**EXERCISE DESCRIPTION:** When a line of the records contains "also", copy it.
***** DATA PROVIDED
lemma quad_var_near_jnorm_sq:
  assumes "x \<in> James" "0 < e"
  shows "\<exists>F. adm_intervals F \<and> (jnorm x)^2 - e < quad_var x F"
proof (rule ccontr)
  assume "\<not> ?thesis"
  hence "\<And>F. adm_intervals F \<Longrightarrow> quad_var x F \<le> (jnorm x)^2 - e" by force
  hence "jvar x \<le> ereal ((jnorm x)^2 - e)" by (rule jvar_le_if_quad_var_le)
  thus False using jvar_eq_jnorm_sq[OF assms(1)] assms(2) by simp
qed

lemma adm_intervals_Un:
  assumes F: "adm_intervals F" and G: "adm_intervals G" and disj: "\<forall>I\<in>F. \<forall>J\<in>G. I \<inter> J = {}"
  shows "adm_intervals (F \<union> G)" "quad_var x (F \<union> G) = quad_var x F + quad_var x G"
proof -
  show "adm_intervals (F \<union> G)"
    unfolding adm_intervals_def
  proof (intro conjI)
    show "finite (F \<union> G)" using adm_intervals_finite F G by blast
    show "\<forall>I\<in>F \<union> G. \<exists>a b. a \<le> b \<and> I = {a..b}"
      using adm_intervals_memD[OF F] adm_intervals_memD[OF G] by blast
    show "pairwise disjnt (F \<union> G)"
    proof (rule pairwiseI)
      fix I J assume "I \<in> F \<union> G" "J \<in> F \<union> G" "I \<noteq> J"
      then show "disjnt I J"
        unfolding disjnt_def using adm_intervals_disjoint[OF F] adm_intervals_disjoint[OF G] disj
        by (metis Int_commute Un_iff)
    qed
  qed
  have "F \<inter> G = {}"
  proof (rule ccontr)
    assume "F \<inter> G \<noteq> {}"
    then obtain I where "I \<in> F" "I \<in> G" by blast
    then show False using disj adm_intervals_mem_nonempty[OF G \<open>I \<in> G\<close>] by auto
  qed
  then show "quad_var x (F \<union> G) = quad_var x F + quad_var x G"
    unfolding quad_var_def using adm_intervals_finite[OF F] adm_intervals_finite[OF G]
    by (rule sum.union_disjoint[rotated 2])
qed

text \<open>Tails are small: choose \<open>F\<close> nearly attaining the norm; any admissible family
  living beyond the intervals of \<open>F\<close> can be added to \<open>F\<close>.\<close>

lemma tail_jnorm_small:
  assumes "x \<in> James" "0 < e"
  shows "\<exists>p. \<forall>q\<ge>p. jnorm (zero_outside {q..} x) \<le> e"
proof -
  obtain F where F: "adm_intervals F" "(jnorm x)^2 - e^2 < quad_var x F"
    using quad_var_near_jnorm_sq[OF assms(1), of "e^2"] assms(2) by auto
  have finU: "finite (\<Union>F)"
    using adm_intervals_finite[OF F(1)] adm_intervals_mem_finite[OF F(1)] by blast
  obtain p where p: "\<And>k. k \<in> \<Union>F \<Longrightarrow> k < p"
    using finite_nat_bounded[OF finU] by (auto simp: lessThan_iff subset_eq)
  have "jnorm (zero_outside {q..} x) \<le> e" if q: "p \<le> q" for q
  proof (rule jnorm_le_if_quad_var_le)
    fix G assume G: "adm_intervals G"
    let ?G' = "(\<lambda>I. I \<inter> {q..}) ` G - {{}}"
    note G' = quad_var_zero_outside[OF nat_convex_atLeast[of q] G]
    have disj: "\<forall>I\<in>F. \<forall>J\<in>?G'. I \<inter> J = {}"
    proof (intro ballI)
      fix I J assume "I \<in> F" "J \<in> ?G'"
      then have "\<forall>k\<in>I. k < p" "\<forall>k\<in>J. q \<le> k" using p by auto
      then show "I \<inter> J = {}" using q by (meson disjoint_iff leD le_trans)
    qed
    have U: "adm_intervals (F \<union> ?G')" "quad_var x (F \<union> ?G') = quad_var x F + quad_var x ?G'"
      by (rule adm_intervals_Un[OF F(1) G'(1) disj])+
    have "quad_var x F + quad_var x ?G' \<le> (jnorm x)^2"
      using quad_var_le_jnorm_sq[OF assms(1) U(1)] U(2) by simp
    then show "quad_var (zero_outside {q..} x) G \<le> e^2" using G'(2)[of x] F(2) by linarith
  qed (use assms(2) in simp)
  then show ?thesis by blast
qed

lemma sum_unitvec: "finite I \<Longrightarrow> sum (unitvec k) I = (if k \<in> I then 1 else 0)"
  unfolding unitvec_def by simp

lemma unitvec_James: "unitvec k \<in> James" "jnorm (unitvec k) \<le> 1"
proof -
  have *: "quad_var (unitvec k) F \<le> 1^2" if F: "adm_intervals F" for F
  proof -
    have "quad_var (unitvec k) F = (\<Sum>I\<in>F. if k \<in> I then 1 else 0)"
      unfolding quad_var_def using adm_intervals_mem_finite[OF F] by (intro sum.cong) (auto simp: sum_unitvec)
    also have "\<dots> = real (card {I\<in>F. k \<in> I})"
      using adm_intervals_finite[OF F] by (simp add: sum.If_cases Int_def)
    also have "card {I\<in>F. k \<in> I} \<le> Suc 0"
      using adm_intervals_disjoint[OF F] by (subst card_le_Suc0_iff_eq) (auto simp: adm_intervals_finite[OF F])
    finally show ?thesis by simp
  qed
  show "unitvec k \<in> James" using James_if_quad_var_bounded * by blast
  show "jnorm (unitvec k) \<le> 1" using jnorm_le_if_quad_var_le[OF *] by simp
qed

definition basis_vec :: "nat \<Rightarrow> james" where "basis_vec k = Abs_james (unitvec k)"

lemma Rep_basis_vec: "Rep_james (basis_vec k) = unitvec k"
  unfolding basis_vec_def using unitvec_James(1) by (simp add: Abs_james_inverse)

lemma norm_basis_vec_le: "norm (basis_vec k) \<le> 1"
  using unitvec_James(2) by (simp add: norm_james_eq Rep_basis_vec)

lemma finite_support_eq_sum_basis:
  assumes "finite S" "\<And>k. k \<notin> S \<Longrightarrow> x k = 0"
  shows "Rep_james (\<Sum>k\<in>S. x k *\<^sub>R basis_vec k) = x"
proof
  fix i
  have "Rep_james (\<Sum>k\<in>S. x k *\<^sub>R basis_vec k) i = (\<Sum>k\<in>S. x k * unitvec k i)"
    by (simp add: Rep_basis_vec)
  also have "\<dots> = (if i \<in> S then x i else 0)"
    unfolding unitvec_def using assms(1) by (simp add: if_distrib cong: if_cong)
  finally show "Rep_james (\<Sum>k\<in>S. x k *\<^sub>R basis_vec k) i = x i" using assms(2) by auto
qed

lemma finite_support_James:
  assumes "finite S" "\<And>k. k \<notin> S \<Longrightarrow> x k = 0"
  shows "x \<in> James"
  using Rep_james_in_James[of "\<Sum>k\<in>S. x k *\<^sub>R basis_vec k"] finite_support_eq_sum_basis[OF assms]
  by simp

lemma norm_le_sum_abs_finite_support:
  assumes "finite S" "\<And>k. k \<notin> S \<Longrightarrow> Rep_james x k = 0"
  shows "norm x \<le> (\<Sum>k\<in>S. \<bar>Rep_james x k\<bar>)"
proof -
  have "x = (\<Sum>k\<in>S. Rep_james x k *\<^sub>R basis_vec k)"
    using finite_support_eq_sum_basis[OF assms] by (simp add: Rep_james_inject[symmetric])
  also have "norm \<dots> \<le> (\<Sum>k\<in>S. norm (Rep_james x k *\<^sub>R basis_vec k))"
    by (rule norm_sum)
  also have "\<dots> \<le> (\<Sum>k\<in>S. \<bar>Rep_james x k\<bar>)"
    using norm_basis_vec_le by (intro sum_mono) (simp add: mult_left_le)
  finally show ?thesis .
qed

definition trunc :: "nat \<Rightarrow> (nat \<Rightarrow> real) \<Rightarrow> nat \<Rightarrow> real" where
  "trunc N a = (\<lambda>i. if i < N then a i else 0)"

lemma trunc_James: "trunc N a \<in> James"
  by (rule finite_support_James[of "{..<N}"]) (auto simp: trunc_def)

section \<open>Blocks\<close>

definition block :: "(nat \<Rightarrow> nat) \<Rightarrow> nat \<Rightarrow> nat set" where
  "block p j = {p j..<p (Suc j)}"

lemma nat_convex_block: "nat_convex (block p j)"
  by (simp add: block_def nat_convex_atLeastLessThan)

lemma block_disjoint:
  assumes "strict_mono p" "m \<in> block p i" "m \<in> block p i'" shows "i = i'"
proof (rule ccontr)
  assume "i \<noteq> i'"
  then have "Suc i \<le> i' \<or> Suc i' \<le> i" by arith
  then have "p (Suc i) \<le> p i' \<or> p (Suc i') \<le> p i"
    by (simp add: strict_mono_less_eq[OF assms(1)])
  then show False using assms(2,3) by (auto simp: block_def)
qed

lemma start_in_block: "strict_mono p \<Longrightarrow> p j \<in> block p j"
  unfolding block_def by (simp add: strict_mono_def)

lemma block_subset_atLeastAtMost_iff:
  "strict_mono p \<Longrightarrow> block p i \<subseteq> {a..b} \<longleftrightarrow> a \<le> p i \<and> p (Suc i) \<le> Suc b"
  using strict_mono_less_eq[of p "Suc i" i]
  by (simp add: block_def ivl_subset atLeastLessThanSuc_atLeastAtMost[symmetric])

lemma sum_blocks:
  fixes p :: "nat \<Rightarrow> nat"
  assumes "mono p" "s \<le> t"
  shows "(\<Sum>j\<in>{s..<t}. sum f (block p j)) = sum f {p s..<p t}"
  using assms(2)
proof (induction t rule: dec_induct)
  case (step t)
  have "p s \<le> p t" "p t \<le> p (Suc t)" using assms(1) step.hyps by (auto simp: mono_def)
  then have "sum f {p s..<p (Suc t)} = sum f {p s..<p t} + sum f (block p t)"
    unfolding block_def by (rule sum.atLeastLessThan_concat[symmetric])
  with step.IH step.hyps show ?case by simp
qed simp

lemma block_sums_James:
  assumes p: "strict_mono p" and x: "x \<in> James"
  shows "(\<lambda>j. sum x (block p j)) \<in> James" "jnorm (\<lambda>j. sum x (block p j)) \<le> jnorm x"
proof -
  let ?G = "\<lambda>J. {p (Min J)..<p (Suc (Max J))}"
  have *: "quad_var (\<lambda>j. sum x (block p j)) F \<le> (jnorm x)^2" if F: "adm_intervals F" for F
  proof -
    have G: "sum (\<lambda>j. sum x (block p j)) J = sum x (?G J)" if "J \<in> F" for J
    proof -
      obtain s t where st: "s \<le> t" "J = {s..t}" using adm_intervals_memD[OF F \<open>J \<in> F\<close>] by blast
      then have "Min J = s" "Max J = t" by (auto intro!: Min_eqI Max_eqI)
      with st sum_blocks[OF strict_mono_mono[OF p], of s "Suc t" x] show ?thesis
        by (simp add: atLeastLessThanSuc_atLeastAtMost)
    qed
    have disj: "?G J \<inter> ?G J' = {}" if "J \<in> F" "J' \<in> F" "J \<noteq> J'" for J J'
    proof -
      obtain s t where "s \<le> t" "J = {s..t}" using adm_intervals_memD[OF F \<open>J \<in> F\<close>] by blast
      moreover obtain s' t' where "s' \<le> t'" "J' = {s'..t'}" using adm_intervals_memD[OF F \<open>J' \<in> F\<close>] by blast
      ultimately have st: "s \<le> t" "J = {s..t}" "s' \<le> t'" "J' = {s'..t'}" by blast+
      then have "Min J = s" "Max J = t" "Min J' = s'" "Max J' = t'" by (auto intro!: Min_eqI Max_eqI)
      moreover have "t < s' \<or> t' < s"
      proof (rule ccontr)
        assume "\<not> (t < s' \<or> t' < s)"
        then have "max s s' \<in> J \<inter> J'" using st by auto
        then show False using adm_intervals_disjoint[OF F that] by blast
      qed
      ultimately show ?thesis
        using strict_mono_less_eq[OF p, of "Suc t" s'] strict_mono_less_eq[OF p, of "Suc t'" s] by auto
    qed
    have "quad_var (\<lambda>j. sum x (block p j)) F = (\<Sum>J\<in>F. (sum x (?G J))^2)"
      unfolding quad_var_def using G by simp
    also have "\<dots> \<le> (jnorm x)^2"
    proof (rule quad_var_image_le[OF x F])
      show "\<forall>J\<in>F. finite (?G J) \<and> nat_convex (?G J)" by (simp add: nat_convex_atLeastLessThan)
      show "\<forall>J\<in>F. \<forall>J'\<in>F. J \<noteq> J' \<longrightarrow> ?G J \<inter> ?G J' = {}" using disj by blast
    qed
    finally show ?thesis .
  qed
  show "(\<lambda>j. sum x (block p j)) \<in> James" using James_if_quad_var_bounded * by blast
  show "jnorm (\<lambda>j. sum x (block p j)) \<le> jnorm x" using jnorm_le_if_quad_var_le[OF *] jnorm_nonneg by blast
qed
**********
**YOUR SOLUTION:**
    also have "\<dots> = real (card {I\<in>F. k \<in> I})"
    also have "card {I\<in>F. k \<in> I} \<le> Suc 0"
  also have "\<dots> = (if i \<in> S then x i else 0)"
  also have "norm \<dots> \<le> (\<Sum>k\<in>S. norm (Rep_james x k *\<^sub>R basis_vec k))"
  also have "\<dots> \<le> (\<Sum>k\<in>S. \<bar>Rep_james x k\<bar>)"
    also have "\<dots> \<le> (jnorm x)^2"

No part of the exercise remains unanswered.